Abel percibió un círculo prohibido dentro de la cueva, así que sacó su tarjeta de control y la encendió con su poder de voluntad. De repente, un haz disparó y el círculo prohibido fue desactivado.

Dio un paso y voló hacia adentro. Para su sorpresa, la cueva ya estaba bien decorada con instalaciones de dragón.

Era un nido de dragón de estilo clásico con 2 áreas, una para la forma de dragón y otra para la forma humana.

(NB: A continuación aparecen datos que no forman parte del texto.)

private lemma eventually_turn_before_slide:
  "\<forall>\<^sub>F t in at_right 0. short_edge l xs (p - 1) \<and> non_inflection_edge xs (p - 1) \<longrightarrow>
     dir_angle (edir xs (p - 2)) (edir xs p + t *\<^sub>R edir xs (Suc p)) \<le> \<theta>"
proof (cases "short_edge l xs (p - 1) \<and> non_inflection_edge xs (p - 1)")
  case True
  then have p: "0 < p - 1" and non_inflection: "\<not> inflection_edge xs (p - 1)"
    by (auto simp: non_inflection_edge_def has_both_neighbours_def)
  have indices: "p - 1 - 1 = p - 2" "Suc (p - 1) = p" "p - 2 < nedges xs" "p - 1 < nedges xs"
    using p bounds by auto
  note turn = dcc_pathD(3)[OF dcc]
  have old: "dir_angle (edir xs (p - 2)) (edir xs p) \<le> \<theta>"
    using dcc_pathD(5)[OF dcc, of "p - 1"] True indices by simp
  have "0 < cross (edir xs (p - 2)) (edir xs p) * cross (edir xs (p - 1)) (edir xs p)"
  proof (rule cross_compose_pos_right)
    show "0 \<le> cross (edir xs (p - 2)) (edir xs (p - 1)) * cross (edir xs (p - 1)) (edir xs p)"
      using non_inflection p bounds indices by (simp add: inflection_edge_def has_both_neighbours_def)
    have "dir_angle (edir xs (p - 2)) (edir xs (p - 1)) \<le> \<theta>"
      using turn[of "p - 1"] p indices by simp
    then show "0 \<le> inner (edir xs (p - 2)) (edir xs (p - 1))"
      using inner_nonneg_if_dir_angle_le \<theta> by blast
    show "0 \<le> inner (edir xs (p - 1)) (edir xs p)"
      using inner_nonneg_if_dir_angle_le[OF turn[of p] \<theta>] bounds by simp
    show "0 \<le> inner (edir xs (p - 2)) (edir xs p)"
      using inner_nonneg_if_dir_angle_le[OF old \<theta>] .
  qed (use cross_inflection edir_nonzero indices in auto)
  then have "0 < cross (edir xs p) (edir xs (p - 2)) * cross (edir xs p) (edir xs (Suc p))"
    using cross_inflection cross_commute[of "edir xs p" "edir xs (p - 2)"]
    by (auto simp: zero_less_mult_iff mult_less_0_iff)
  then have "\<forall>\<^sub>F t in at_right 0. dir_angle (edir xs (p - 2)) (edir xs p + t *\<^sub>R edir xs (Suc p)) \<le> \<theta>"
    using bounds indices by (intro eventually_dir_angle_le_add old edir_nonzero \<theta>) auto
  then show ?thesis
    by (rule eventually_mono) simp
qed auto

private lemma eventually_turn_after_slide:
  "\<forall>\<^sub>F t in at_right 0. short_edge l xs (Suc p) \<and> non_inflection_edge xs (Suc p) \<longrightarrow>
     dir_angle (edir xs (Suc (Suc p))) (edir xs p + t *\<^sub>R edir xs (Suc p)) \<le> \<theta>"
proof (cases "short_edge l xs (Suc p) \<and> non_inflection_edge xs (Suc p)")
  case True
  then have p: "Suc (Suc p) < nedges xs" and non_inflection: "\<not> inflection_edge xs (Suc p)"
    by (auto simp: non_inflection_edge_def has_both_neighbours_def)
  note turn = dcc_pathD(3)[OF dcc]
  have old: "dir_angle (edir xs p) (edir xs (Suc (Suc p))) \<le> \<theta>"
    using dcc_pathD(5)[OF dcc, of "Suc p"] True by simp
  have "0 < cross (edir xs p) (edir xs (Suc (Suc p))) * cross (edir xs p) (edir xs (Suc p))"
  proof (rule cross_compose_pos_left)
    show "0 \<le> cross (edir xs p) (edir xs (Suc p)) * cross (edir xs (Suc p)) (edir xs (Suc (Suc p)))"
      using non_inflection p by (simp add: inflection_edge_def has_both_neighbours_def)
    show "0 \<le> inner (edir xs p) (edir xs (Suc p))"
      using inner_nonneg_if_dir_angle_le[OF turn[of "Suc p"] \<theta>] p by simp
    show "0 \<le> inner (edir xs (Suc p)) (edir xs (Suc (Suc p)))"
      using inner_nonneg_if_dir_angle_le[OF turn[of "Suc (Suc p)"] \<theta>] p by simp
    show "0 \<le> inner (edir xs p) (edir xs (Suc (Suc p)))"
      using inner_nonneg_if_dir_angle_le[OF old \<theta>] .
  qed (use cross_inflection edir_nonzero p in auto)
  then have "\<forall>\<^sub>F t in at_right 0. dir_angle (edir xs (Suc (Suc p))) (edir xs p + t *\<^sub>R edir xs (Suc p)) \<le> \<theta>"
    using bounds p old
    by (intro eventually_dir_angle_le_add edir_nonzero \<theta>) (auto simp: dir_angle_commute)
  then show ?thesis
    by (rule eventually_mono) simp
qed auto

lemma eventually_non_inflection_edge_slide:
  "\<forall>\<^sub>F t in at_right 0. \<forall>i. non_inflection_edge (slide xs (Suc p) t) i \<longleftrightarrow> non_inflection_edge xs i"
  using eventually_inflection_edge_slide
  by eventually_elim (simp add: non_inflection_edge_def has_both_neighbours_def)

lemma eventually_short_turns_slide:
  assumes normal: "normal_edge l xs (Suc p) \<Longrightarrow> Suc (Suc p) < nedges xs \<Longrightarrow> inflection_edge xs (Suc p)"
  shows "\<forall>\<^sub>F t in at_right 0. \<forall>i.
     short_edge l (slide xs (Suc p) t) i \<and> non_inflection_edge (slide xs (Suc p) t) i \<longrightarrow>
       dir_angle (edir (slide xs (Suc p) t) (i - 1)) (edir (slide xs (Suc p) t) (Suc i)) \<le> \<theta>"
  using eventually_at_right_0_less_1 eventually_short_edge_slide
    eventually_turn_before_slide eventually_turn_after_slide eventually_non_inflection_edge_slide
proof eventually_elim
  case (elim t)
  show ?case
  proof (intro allI impI)
    fix i assume i: "short_edge l (slide xs (Suc p) t) i \<and> non_inflection_edge (slide xs (Suc p) t) i"
    then have ni: "non_inflection_edge xs i"
      using elim(5) by blast
    then have hb: "0 < i" "Suc i < nedges xs"
      by (auto simp: non_inflection_edge_def has_both_neighbours_def)
    have short: "short_edge l xs i" if "i \<noteq> Suc p"
      using i elim(2) that by auto
    consider "Suc i = p" | "i = p" | "i = Suc p" | "i = Suc (Suc p)"
      | "Suc i \<noteq> p" "i \<noteq> p" "i \<noteq> Suc p" "i \<noteq> Suc (Suc p)"
      by blast
    then show "dir_angle (edir (slide xs (Suc p) t) (i - 1)) (edir (slide xs (Suc p) t) (Suc i)) \<le> \<theta>"
    proof cases
      case 1
      then have "i = p - 1" "i - 1 = p - 2" "p - 2 \<noteq> p" "p - 2 \<noteq> Suc p"
        by auto
      then show ?thesis
        using elim(3) short ni by (simp add: edir_slide_Suc)
    next
      case 2
      then show ?thesis
        using ni inflection by (simp add: non_inflection_edge_def)
    next
      case 3
      have "\<not> normal_edge l xs (Suc p)"
        using normal ni hb 3 by (auto simp: non_inflection_edge_def)
      then have "short_edge l xs (Suc p)"
        using i elim(2) 3 not_long_edge_iff by auto
      then show ?thesis
        using elim(4) ni 3 by (simp add: edir_slide_Suc dir_angle_commute)
    next
      case 4
      then show ?thesis
        using dcc_pathD(5)[OF dcc short ni] elim(1) by (simp add: edir_slide_Suc)
    next
      case 5
      then have "i - 1 \<noteq> p" "i - 1 \<noteq> Suc p"
        using hb by auto
      then show ?thesis
        using dcc_pathD(5)[OF dcc short ni] 5 by (simp add: edir_slide_Suc)
    qed
  qed
qed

En el área del dragón, había un enorme salón capaz de albergar a más de 5 dragones gigantes, y un dormitorio con una gran cama que servía también como su sala de entrenamiento.

Las paredes estaban decoradas con hielo eterno similar a la cueva del dragón azul Hurley, lo que lo convertía en el lugar perfecto para vivir para un dragón azul.

El marco de la cama también estaba hecho de hielo eterno, y estaba cubierto con una capa de oro y cosas brillantes.

—Director Eugenio, ¿qué pasa con las decoraciones? —Abel preguntó.

Después de todo, el valor que tenían eran cientos de años de esfuerzo de un dragón.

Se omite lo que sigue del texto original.